We believe the Company’s capital structure allows us to weather the unexpected delays without significant operational impact and enables us to pursue large projects requiring the ability to deploy major resources. It should be noted that the Company increased its working capital in late 2021 to account for an increase in pre-contract procurement activities to avoid a slowdown in revenues caused by delays in receiving certain components. The Company undertook a major review of operations during 2021 and made significant changes in staffing, including hiring additional engineering staff and revamping its software development and Artificial Intelligence staffing. Although the Company implemented a “rapid development” initiative in early 2021, which was intended to enable the Company to respond to market driven demand more quickly, this effort has been somewhat negated by ongoing supply chain issues. This effort was expected to shorten delivery times on major projects and result in significant revenue growth in the last six months of 2021 and beyond, the previously discussed supply chain issues have not allowed the anticipated benefits to be realized at this time. The Company is monitoring the situation and had continued to procure materials ahead of formal contract award late in the first quarter of 2022.

 

The services portion of revenues are driven by the successful completion of projects and represent services and support for those installations. The Company expects growth with new revenue from existing customers, including services revenue as the result of new maintenance contracts being established on installations coming on-line during 2022. The Company also anticipates renewals of existing contracts and a shift to the next generation of technology systems which are currently being installed.

  

Cost of Revenues

 

      For the Three Months Ended  
      March 31,  
      2022     2021     % Change  
Cost of revenues:                          
Technology systems     $ 865,488     $ 1,293,608       -33%  
Services and consulting       351,762       358,172       -2%  
Total cost of revenues     $ 1,217,250     $ 1,651,780       -26%  

  

Cost of revenues largely comprises equipment, labor and overhead necessary to support the implementation of new systems and support and maintenance of existing systems.

 

Cost of revenues on technology systems decreased during the three months ended March 31, 2022 compared to the equivalent period in 2021, which is consistent with the decrease in revenues.
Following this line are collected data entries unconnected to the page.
theorem lemma5:
  shows "\<exists>J. fv J \<subseteq> {0}
    \<and> (\<forall>\<phi>\<in>Seq_star_axioms. Seq_proves (rel J \<phi>))
    \<and> Seq_proves (prec_refl J)
    \<and> Seq_proves (prec_trans J)
    \<and> Seq_proves (J_down_closed J)
    \<and> Seq_proves (J_pair J)"
proof (intro exI[of _ J_fm] conjI ballI Seq_provesI)
  show "fv J_fm \<subseteq> {0}" by (rule fv_J_fm)
qed (simp_all add: seq_model.eval_rel_J_fm_Seq_star_axiom seq_model.eval_prec_refl_J_fm
       seq_model.eval_prec_trans_J_fm seq_model.eval_J_down_closed_J_fm
       seq_model.eval_J_pair_J_fm)

end
lemma RL_kernel_composition_approx:
  fixes Z g :: "real \<Rightarrow> real" and a t \<beta> \<epsilon> :: real
  assumes at: "a < t" and b0: "0 < \<beta>" and b1: "\<beta> < 1"
    and Zc: "continuous_on {a..t} Z"
    and Pc: "continuous_on {a..t} (\<lambda>r. integral {a..r} (\<lambda>s. (r - s) powr (- \<beta>) * Z s))"
    and g: "real_polynomial_function g" and gZ: "\<And>x. x \<in> {a..t} \<Longrightarrow> \<bar>Z x - g x\<bar> \<le> \<epsilon>"
  shows "\<bar>integral {a..t} (\<lambda>r. (t - r) powr (\<beta> - 1) * integral {a..r} (\<lambda>s. (r - s) powr (- \<beta>) * Z s))
            - Beta \<beta> (1 - \<beta>) * integral {a..t} Z\<bar>
         \<le> \<epsilon> * ((t - a) powr (1 - \<beta>) / (1 - \<beta>) * ((t - a) powr \<beta> / \<beta>) + Beta \<beta> (1 - \<beta>) * (t - a))"
proof -
  define PZ where "PZ = (\<lambda>r. integral {a..r} (\<lambda>s. (r - s) powr (- \<beta>) * Z s))"
  define L where "L = integral {a..t} (\<lambda>r. (t - r) powr (\<beta> - 1) * PZ r)"
  define B where "B = Beta \<beta> (1 - \<beta>)"
  define C where "C = (t - a) powr (1 - \<beta>) / (1 - \<beta>)"
  obtain P where Pc': "continuous_on {a..t} P"
    and Pi: "\<And>r. r \<in> {a..t} \<Longrightarrow> ((\<lambda>s. (r - s) powr (- \<beta>) * g s) has_integral P r) {a..r}"
    and LP: "((\<lambda>r. (t - r) powr (\<beta> - 1) * P r) has_integral B * integral {a..t} g) {a..t}"
    unfolding B_def by (fact RL_kernel_composition_polynomial[OF g at b0 b1])
  have B0: "0 < B"
    unfolding B_def Beta_def using b0 b1 by (auto intro!: divide_pos_pos mult_pos_pos Gamma_real_pos)
  have gc: "continuous_on {a..t} g"
    by (intro continuous_at_imp_continuous_on ballI continuous_real_polymonial_function[OF g])
  have dP: "\<bar>PZ r - P r\<bar> \<le> \<epsilon> * C" if r: "r \<in> {a..t}" for r
  proof -
    have "\<bar>PZ r - P r\<bar> \<le> \<epsilon> * ((r - a) powr (1 - \<beta>) / (1 - \<beta>))"
      using abs_integral_RL_kernel_diff_le[of a r "1 - \<beta>" Z g \<epsilon>] r b1 gZ integral_unique[OF Pi[OF r]]
        continuous_on_subset[OF Zc] continuous_on_subset[OF gc]
      by (simp add: PZ_def)
    also have "\<dots> \<le> \<epsilon> * C"
      unfolding C_def using gZ[of a] at r b1 by (intro mult_left_mono divide_right_mono powr_mono2) auto
    finally show ?thesis .
  qed
  have "\<bar>L - B * integral {a..t} g\<bar> \<le> \<epsilon> * C * ((t - a) powr \<beta> / \<beta>)"
    using abs_integral_RL_kernel_diff_le[of a t \<beta> PZ P "\<epsilon> * C"] at b0 Pc Pc' dP integral_unique[OF LP]
    by (simp add: L_def PZ_def)
  moreover have "\<bar>integral {a..t} g - integral {a..t} Z\<bar> \<le> \<epsilon> * (t - a)"
  proof -
    have Zgc: "continuous_on {a..t} (\<lambda>s. Z s - g s)" by (intro continuous_on_diff Zc gc)
    have "integral {a..t} Z - integral {a..t} g = integral {a..t} (\<lambda>s. (Z s - g s) * 1)"
      using Zc gc by (simp add: integral_diff integrable_continuous_interval)
    moreover have "\<bar>integral {a..t} (\<lambda>s. (Z s - g s) * 1)\<bar> \<le> \<epsilon> * integral {a..t} (\<lambda>s. 1)"
      by (rule abs_integral_continuous_mult_nonneg_le[OF Zgc integrable_const_ivl _ gZ]) simp_all
    ultimately show ?thesis using at by (simp add: abs_minus_commute)
  qed
  moreover have "\<bar>L - B * integral {a..t} Z\<bar>
      \<le> \<bar>L - B * integral {a..t} g\<bar> + B * \<bar>integral {a..t} g - integral {a..t} Z\<bar>"
  proof -
    have "\<bar>L - B * integral {a..t} Z\<bar>
        = \<bar>(L - B * integral {a..t} g) + B * (integral {a..t} g - integral {a..t} Z)\<bar>"
      by (rule arg_cong[where f = abs]) (simp add: algebra_simps)
    also have "\<dots> \<le> \<bar>L - B * integral {a..t} g\<bar> + \<bar>B * (integral {a..t} g - integral {a..t} Z)\<bar>"
      by (rule abs_triangle_ineq)
    finally show ?thesis using B0 by (simp add: abs_mult)
  qed
  ultimately have "\<bar>L - B * integral {a..t} Z\<bar> \<le> \<epsilon> * C * ((t - a) powr \<beta> / \<beta>) + B * (\<epsilon> * (t - a))"
    using B0 by (smt (verit) mult_left_mono)
  then show ?thesis by (simp add: L_def PZ_def B_def C_def algebra_simps)
qed

text \<open>The semigroup identity \<open>I\<^sup>\<beta> I\<^sup>1\<^sup>-\<^sup>\<beta> = I\<^sup>1\<close>: exact for polynomials by Beta integrals, then for
  continuous \<open>Z\<close> by Weierstrass approximation.\<close>
lemma integral_RL_kernel_composition:
  fixes Z :: "real \<Rightarrow> real" and a t \<beta> :: real
  assumes at: "a < t" and b0: "0 < \<beta>" and b1: "\<beta> < 1"
    and Zc: "continuous_on {a..t} Z"
    and Pc: "continuous_on {a..t} (\<lambda>r. integral {a..r} (\<lambda>s. (r - s) powr (- \<beta>) * Z s))"
  shows "integral {a..t} (\<lambda>r. (t - r) powr (\<beta> - 1) * integral {a..r} (\<lambda>s. (r - s) powr (- \<beta>) * Z s))
         = Beta \<beta> (1 - \<beta>) * integral {a..t} Z"
proof -
  define D where "D = integral {a..t} (\<lambda>r. (t - r) powr (\<beta> - 1) * integral {a..r} (\<lambda>s. (r - s) powr (- \<beta>) * Z s))
    - Beta \<beta> (1 - \<beta>) * integral {a..t} Z"
  define C where "C = (t - a) powr (1 - \<beta>) / (1 - \<beta>) * ((t - a) powr \<beta> / \<beta>) + Beta \<beta> (1 - \<beta>) * (t - a)"
  have D_le: "\<bar>D\<bar> \<le> \<epsilon> * C" if ep: "0 < \<epsilon>" for \<epsilon>
  proof -
    obtain g where "real_polynomial_function g" and "\<And>x. x \<in> {a..t} \<Longrightarrow> \<bar>Z x - g x\<bar> < \<epsilon>"
      using Stone_Weierstrass_real_polynomial_function[OF compact_Icc Zc ep] by blast
    then show ?thesis unfolding D_def C_def
      by (intro RL_kernel_composition_approx[OF at b0 b1 Zc Pc]) (auto intro: less_imp_le)
  qed
  have "0 < Beta \<beta> (1 - \<beta>)"
    unfolding Beta_def using b0 b1 by (auto intro!: divide_pos_pos mult_pos_pos Gamma_real_pos)
  then have "0 \<le> C"
    unfolding C_def using at b0 b1 by (intro add_nonneg_nonneg mult_nonneg_nonneg divide_nonneg_nonneg) auto
  have "\<bar>D\<bar> \<le> 0 + e" if "0 < e" for e
  proof -
    have "\<bar>D\<bar> \<le> e / (C + 1) * C" using D_le[of "e / (C + 1)"] that \<open>0 \<le> C\<close> by simp
    also have "\<dots> \<le> e" using that \<open>0 \<le> C\<close> by (simp add: field_simps)
    finally show ?thesis by simp
  qed
  then have "D = 0" using field_le_epsilon[of "\<bar>D\<bar>" 0] by simp
  then show ?thesis by (simp add: D_def)
qed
However, the percentage decrease in cost of revenues for technology systems for the current year period compared to the prior year period was lower than the percentage decrease in revenues from technology systems for the current year period compared to the prior year period. The higher level of cost compared to revenues was mainly due to higher costs of materials due to supply chain disruptions and inflation, as well as additional work being necessary on certain of the Company’s installations to resolve newly identified quality issues. While we expect that macro-economic factors will continue to drive prices, the Company expects its structural realignment to aid in lowering costs as a percentage of the overall system price going forward. As previously noted, the Company’s organization and related cost structure was realigned to provide the capability to manufacture, install and support multiple production systems simultaneously. In accordance with this shift in structure, certain staff were re-assigned or replaced, and new staff added in key areas, particularly software engineering, IT and AI.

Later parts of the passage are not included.